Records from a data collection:
====

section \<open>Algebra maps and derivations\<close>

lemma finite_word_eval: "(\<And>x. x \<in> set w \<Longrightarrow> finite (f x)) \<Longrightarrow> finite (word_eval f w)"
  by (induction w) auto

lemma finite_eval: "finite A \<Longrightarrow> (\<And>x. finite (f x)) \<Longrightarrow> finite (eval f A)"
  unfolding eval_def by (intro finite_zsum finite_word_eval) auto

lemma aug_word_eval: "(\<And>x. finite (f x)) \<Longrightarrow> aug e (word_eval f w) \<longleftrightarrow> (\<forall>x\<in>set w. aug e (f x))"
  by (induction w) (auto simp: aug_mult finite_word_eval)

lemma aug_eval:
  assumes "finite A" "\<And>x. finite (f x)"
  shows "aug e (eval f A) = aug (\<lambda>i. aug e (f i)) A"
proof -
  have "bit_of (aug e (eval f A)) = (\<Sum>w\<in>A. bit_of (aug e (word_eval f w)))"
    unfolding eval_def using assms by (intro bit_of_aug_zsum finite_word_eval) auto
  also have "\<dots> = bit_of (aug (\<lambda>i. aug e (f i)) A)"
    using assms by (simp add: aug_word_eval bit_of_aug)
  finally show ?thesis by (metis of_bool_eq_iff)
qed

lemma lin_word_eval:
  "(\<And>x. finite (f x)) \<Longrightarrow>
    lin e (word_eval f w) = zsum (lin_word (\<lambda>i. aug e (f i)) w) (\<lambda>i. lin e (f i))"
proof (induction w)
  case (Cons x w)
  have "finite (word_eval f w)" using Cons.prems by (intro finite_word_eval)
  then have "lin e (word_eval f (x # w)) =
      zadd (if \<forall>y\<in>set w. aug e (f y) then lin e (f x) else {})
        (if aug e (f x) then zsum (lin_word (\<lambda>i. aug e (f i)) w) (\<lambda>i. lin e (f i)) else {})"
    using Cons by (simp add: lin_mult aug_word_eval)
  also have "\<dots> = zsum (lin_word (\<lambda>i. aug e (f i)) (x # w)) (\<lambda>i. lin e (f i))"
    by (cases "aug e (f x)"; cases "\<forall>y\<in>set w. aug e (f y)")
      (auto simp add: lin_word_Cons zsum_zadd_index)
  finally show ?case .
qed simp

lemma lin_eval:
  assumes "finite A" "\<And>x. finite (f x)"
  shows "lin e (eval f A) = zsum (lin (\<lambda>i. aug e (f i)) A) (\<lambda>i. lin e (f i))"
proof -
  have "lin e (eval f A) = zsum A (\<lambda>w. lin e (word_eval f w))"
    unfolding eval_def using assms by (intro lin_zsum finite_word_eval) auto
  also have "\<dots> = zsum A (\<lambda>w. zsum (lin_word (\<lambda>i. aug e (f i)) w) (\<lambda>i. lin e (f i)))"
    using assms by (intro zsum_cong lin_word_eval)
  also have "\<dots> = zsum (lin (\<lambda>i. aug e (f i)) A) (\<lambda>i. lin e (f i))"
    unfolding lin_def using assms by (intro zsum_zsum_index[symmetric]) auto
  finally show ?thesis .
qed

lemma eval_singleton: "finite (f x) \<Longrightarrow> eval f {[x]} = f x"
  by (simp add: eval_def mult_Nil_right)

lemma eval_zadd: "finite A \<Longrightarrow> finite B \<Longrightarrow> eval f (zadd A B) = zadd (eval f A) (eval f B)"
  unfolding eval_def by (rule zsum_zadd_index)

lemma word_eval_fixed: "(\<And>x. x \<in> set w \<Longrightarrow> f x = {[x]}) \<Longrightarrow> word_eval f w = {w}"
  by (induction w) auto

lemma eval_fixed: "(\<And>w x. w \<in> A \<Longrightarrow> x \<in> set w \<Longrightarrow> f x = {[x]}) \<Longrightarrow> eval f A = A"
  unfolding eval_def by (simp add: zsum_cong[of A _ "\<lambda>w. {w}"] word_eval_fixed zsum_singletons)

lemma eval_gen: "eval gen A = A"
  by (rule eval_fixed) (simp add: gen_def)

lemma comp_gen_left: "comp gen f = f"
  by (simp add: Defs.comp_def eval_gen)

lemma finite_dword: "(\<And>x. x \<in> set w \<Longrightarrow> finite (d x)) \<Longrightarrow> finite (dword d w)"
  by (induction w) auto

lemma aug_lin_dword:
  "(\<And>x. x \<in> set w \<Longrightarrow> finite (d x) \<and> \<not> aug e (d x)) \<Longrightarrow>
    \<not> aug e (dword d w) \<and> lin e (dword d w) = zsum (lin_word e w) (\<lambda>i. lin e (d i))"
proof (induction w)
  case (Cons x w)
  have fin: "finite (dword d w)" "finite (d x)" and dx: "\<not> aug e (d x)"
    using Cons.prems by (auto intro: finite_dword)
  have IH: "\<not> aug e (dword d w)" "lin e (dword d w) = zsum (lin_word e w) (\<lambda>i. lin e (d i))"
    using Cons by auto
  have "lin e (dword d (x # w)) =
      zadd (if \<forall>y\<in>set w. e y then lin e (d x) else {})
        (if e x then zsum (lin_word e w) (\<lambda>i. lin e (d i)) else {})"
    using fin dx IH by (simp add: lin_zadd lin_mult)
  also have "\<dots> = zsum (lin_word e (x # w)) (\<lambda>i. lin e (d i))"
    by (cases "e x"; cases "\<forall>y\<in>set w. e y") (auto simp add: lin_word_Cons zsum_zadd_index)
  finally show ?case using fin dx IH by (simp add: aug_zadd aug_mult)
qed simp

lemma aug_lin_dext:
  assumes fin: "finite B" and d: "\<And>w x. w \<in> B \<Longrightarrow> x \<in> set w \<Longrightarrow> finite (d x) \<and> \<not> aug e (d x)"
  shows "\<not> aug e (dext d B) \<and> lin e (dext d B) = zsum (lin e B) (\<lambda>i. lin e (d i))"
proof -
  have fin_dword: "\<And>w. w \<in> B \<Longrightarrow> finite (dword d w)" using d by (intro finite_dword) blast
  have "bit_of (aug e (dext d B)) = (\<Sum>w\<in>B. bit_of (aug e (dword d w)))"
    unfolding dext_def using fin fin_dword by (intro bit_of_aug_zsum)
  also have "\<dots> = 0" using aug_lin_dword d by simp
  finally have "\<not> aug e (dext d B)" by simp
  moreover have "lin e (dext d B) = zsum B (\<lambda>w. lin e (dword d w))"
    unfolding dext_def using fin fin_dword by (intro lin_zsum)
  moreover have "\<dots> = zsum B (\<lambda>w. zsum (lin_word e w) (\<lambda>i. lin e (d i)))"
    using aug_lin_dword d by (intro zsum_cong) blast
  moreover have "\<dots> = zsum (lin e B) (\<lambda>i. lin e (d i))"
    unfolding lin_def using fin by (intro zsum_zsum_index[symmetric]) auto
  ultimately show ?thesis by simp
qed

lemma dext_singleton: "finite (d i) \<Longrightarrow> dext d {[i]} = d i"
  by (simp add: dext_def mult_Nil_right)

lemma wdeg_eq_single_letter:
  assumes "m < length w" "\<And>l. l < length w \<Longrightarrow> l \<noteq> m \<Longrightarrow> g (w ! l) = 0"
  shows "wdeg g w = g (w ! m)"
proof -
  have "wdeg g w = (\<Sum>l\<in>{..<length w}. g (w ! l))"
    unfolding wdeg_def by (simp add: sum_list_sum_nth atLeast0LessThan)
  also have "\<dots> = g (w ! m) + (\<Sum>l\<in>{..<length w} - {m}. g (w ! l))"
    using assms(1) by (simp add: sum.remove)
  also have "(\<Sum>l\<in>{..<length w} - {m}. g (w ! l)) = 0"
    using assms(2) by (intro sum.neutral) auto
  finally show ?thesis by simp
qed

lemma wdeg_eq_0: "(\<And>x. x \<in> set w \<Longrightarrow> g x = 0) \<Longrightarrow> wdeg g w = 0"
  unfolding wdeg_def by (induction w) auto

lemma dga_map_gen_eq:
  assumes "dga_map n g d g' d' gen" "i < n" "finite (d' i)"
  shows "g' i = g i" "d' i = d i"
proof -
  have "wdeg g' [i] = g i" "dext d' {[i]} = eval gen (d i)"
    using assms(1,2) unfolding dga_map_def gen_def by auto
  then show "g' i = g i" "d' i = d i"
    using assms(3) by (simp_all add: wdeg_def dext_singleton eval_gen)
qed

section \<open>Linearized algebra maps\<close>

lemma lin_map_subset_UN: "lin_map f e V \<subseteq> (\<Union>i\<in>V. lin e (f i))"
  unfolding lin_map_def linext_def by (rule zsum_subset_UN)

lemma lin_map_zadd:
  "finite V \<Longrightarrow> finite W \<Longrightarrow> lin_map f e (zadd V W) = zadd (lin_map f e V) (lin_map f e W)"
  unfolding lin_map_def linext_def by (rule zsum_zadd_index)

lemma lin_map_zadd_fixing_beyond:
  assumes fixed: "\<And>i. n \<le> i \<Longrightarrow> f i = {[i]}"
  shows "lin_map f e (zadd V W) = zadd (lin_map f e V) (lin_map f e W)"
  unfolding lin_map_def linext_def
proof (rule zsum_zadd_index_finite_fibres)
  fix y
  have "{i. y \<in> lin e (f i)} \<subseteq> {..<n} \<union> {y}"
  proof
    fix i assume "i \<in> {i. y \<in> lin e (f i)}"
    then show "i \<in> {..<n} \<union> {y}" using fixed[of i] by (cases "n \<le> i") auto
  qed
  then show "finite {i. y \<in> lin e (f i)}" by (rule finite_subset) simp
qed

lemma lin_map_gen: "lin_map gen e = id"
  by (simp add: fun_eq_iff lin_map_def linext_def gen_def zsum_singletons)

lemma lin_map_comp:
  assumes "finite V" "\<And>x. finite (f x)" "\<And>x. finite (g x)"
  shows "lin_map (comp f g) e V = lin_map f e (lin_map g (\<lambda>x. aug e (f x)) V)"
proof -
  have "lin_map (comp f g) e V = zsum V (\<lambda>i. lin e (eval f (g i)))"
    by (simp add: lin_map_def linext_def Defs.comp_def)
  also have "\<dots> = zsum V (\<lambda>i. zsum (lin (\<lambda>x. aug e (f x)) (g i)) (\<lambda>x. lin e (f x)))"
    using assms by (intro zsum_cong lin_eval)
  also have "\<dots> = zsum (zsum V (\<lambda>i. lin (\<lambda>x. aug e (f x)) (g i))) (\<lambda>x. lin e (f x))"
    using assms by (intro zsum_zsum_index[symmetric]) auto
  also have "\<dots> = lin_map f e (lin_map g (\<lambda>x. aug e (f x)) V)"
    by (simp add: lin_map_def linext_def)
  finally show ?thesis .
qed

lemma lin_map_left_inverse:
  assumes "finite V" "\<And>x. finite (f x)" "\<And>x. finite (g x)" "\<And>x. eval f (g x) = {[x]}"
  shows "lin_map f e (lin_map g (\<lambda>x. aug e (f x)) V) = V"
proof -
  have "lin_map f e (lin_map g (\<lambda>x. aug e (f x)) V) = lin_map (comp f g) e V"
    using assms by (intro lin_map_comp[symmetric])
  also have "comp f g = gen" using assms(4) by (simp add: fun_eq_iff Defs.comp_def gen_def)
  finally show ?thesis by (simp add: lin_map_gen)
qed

====

> _TRY IT_:
Above are some lines. Repeat exactly, and only, those from the line that has "by (simp add: dext_def mult_Nil_right)" through the line that has "unfolding wdeg_def by (simp".

> _SOLUTION TO THIS PROBLEM_:
  by (simp add: dext_def mult_Nil_right)

lemma wdeg_eq_single_letter:
  assumes "m < length w" "\<And>l. l < length w \<Longrightarrow> l \<noteq> m \<Longrightarrow> g (w ! l) = 0"
  shows "wdeg g w = g (w ! m)"
proof -
  have "wdeg g w = (\<Sum>l\<in>{..<length w}. g (w ! l))"
    unfolding wdeg_def by (simp add: sum_list_sum_nth atLeast0LessThan)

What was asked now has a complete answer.